(* Assume (A1) and let $\alpha\in\mathbb R$. Let $\mathsf M$ be a convex subset of $\mathcal M_1(\mathsf T)$ and let $\zeta_1,\zeta_2\in\mathsf M$ satisfy $\Psi_\alpha(\zeta_1)=\Psi_\alpha(\zeta_2)=\inf_{\zeta\in\mathsf M}\Psi_\alpha(\zeta)<\infty$. Then $\zeta_1K=\zeta_2K$.
   Context: Let $(\mathsf Y,\mathcal Y,\nu)$ be a measure space with $\nu$ $\sigma$-finite, $(\mathsf T,\mathcal T)$ a measurable space and $\mathcal M_1(\mathsf T)$ its probability measures. Let $k:\mathsf T\times\mathsf Y\to[0,\infty)$ be measurable with $\int k(\theta,y)\nu(dy)=1$, $K(\theta,A)=\int_Ak(\theta,y)\nu(dy)$, $\zeta K(A)=\int\zeta(d\theta)K(\theta,A)$, and $\zeta k(y)=\int\zeta(d\theta)k(\theta,y)$. Let $p$ be measurable positive on $\mathsf Y$. $f_0(u)=u-1-\log u$, $f_1(u)=1-u+u\log u$, $f_\alpha(u)=\frac{1}{\alpha(\alpha-1)}[u^\alpha-1-\alpha(u-1)]$ otherwise; $\Psi_\alpha(\zeta)=\int_{\mathsf Y}f_\alpha(\zeta k(y)/p(y))p(y)\nu(dy)$. Assumption (A1): $k>0$, $p>0$ everywhere and $\int p\,d\nu<\infty$. *)

theory Defs
  imports "HOL-Probability.Probability"
begin

definition prob_measures :: "'t measure \<Rightarrow> 't measure set" where
  "prob_measures MT = space (prob_algebra MT)"

definition mix_measure :: "'t measure \<Rightarrow> real \<Rightarrow> 't measure \<Rightarrow> 't measure \<Rightarrow> 't measure" where
  "mix_measure MT t z1 z2 =
     measure_of (space MT) (sets MT)
       (\<lambda>A. ennreal t * emeasure z1 A + ennreal (1 - t) * emeasure z2 A)"

definition convex_measure_set :: "'t measure \<Rightarrow> 't measure set \<Rightarrow> bool" where
  "convex_measure_set MT M \<longleftrightarrow>
     (\<forall>z1\<in>M. \<forall>z2\<in>M. \<forall>t::real. 0 \<le> t \<and> t \<le> 1 \<longrightarrow> mix_measure MT t z1 z2 \<in> M)"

● Exercise requirements: Transcribe the full listing, matching it exactly.

● Task response:
(* Assume (A1) and let $\alpha\in\mathbb R$. Let $\mathsf M$ be a convex subset of $\mathcal M_1(\mathsf T)$ and let $\zeta_1,\zeta_2\in\mathsf M$ satisfy $\Psi_\alpha(\zeta_1)=\Psi_\alpha(\zeta_2)=\inf_{\zeta\in\mathsf M}\Psi_\alpha(\zeta)<\infty$. Then $\zeta_1K=\zeta_2K$.
   Context: Let $(\mathsf Y,\mathcal Y,\nu)$ be a measure space with $\nu$ $\sigma$-finite, $(\mathsf T,\mathcal T)$ a measurable space and $\mathcal M_1(\mathsf T)$ its probability measures. Let $k:\mathsf T\times\mathsf Y\to[0,\infty)$ be measurable with $\int k(\theta,y)\nu(dy)=1$, $K(\theta,A)=\int_Ak(\theta,y)\nu(dy)$, $\zeta K(A)=\int\zeta(d\theta)K(\theta,A)$, and $\zeta k(y)=\int\zeta(d\theta)k(\theta,y)$. Let $p$ be measurable positive on $\mathsf Y$. $f_0(u)=u-1-\log u$, $f_1(u)=1-u+u\log u$, $f_\alpha(u)=\frac{1}{\alpha(\alpha-1)}[u^\alpha-1-\alpha(u-1)]$ otherwise; $\Psi_\alpha(\zeta)=\int_{\mathsf Y}f_\alpha(\zeta k(y)/p(y))p(y)\nu(dy)$. Assumption (A1): $k>0$, $p>0$ everywhere and $\int p\,d\nu<\infty$. *)

theory Defs
  imports "HOL-Probability.Probability"
begin

definition prob_measures :: "'t measure \<Rightarrow> 't measure set" where
  "prob_measures MT = space (prob_algebra MT)"

definition mix_measure :: "'t measure \<Rightarrow> real \<Rightarrow> 't measure \<Rightarrow> 't measure \<Rightarrow> 't measure" where
  "mix_measure MT t z1 z2 =
     measure_of (space MT) (sets MT)
       (\<lambda>A. ennreal t * emeasure z1 A + ennreal (1 - t) * emeasure z2 A)"

definition convex_measure_set :: "'t measure \<Rightarrow> 't measure set \<Rightarrow> bool" where
  "convex_measure_set MT M \<longleftrightarrow>
     (\<forall>z1\<in>M. \<forall>z2\<in>M. \<forall>t::real. 0 \<le> t \<and> t \<le> 1 \<longrightarrow> mix_measure MT t z1 z2 \<in> M)"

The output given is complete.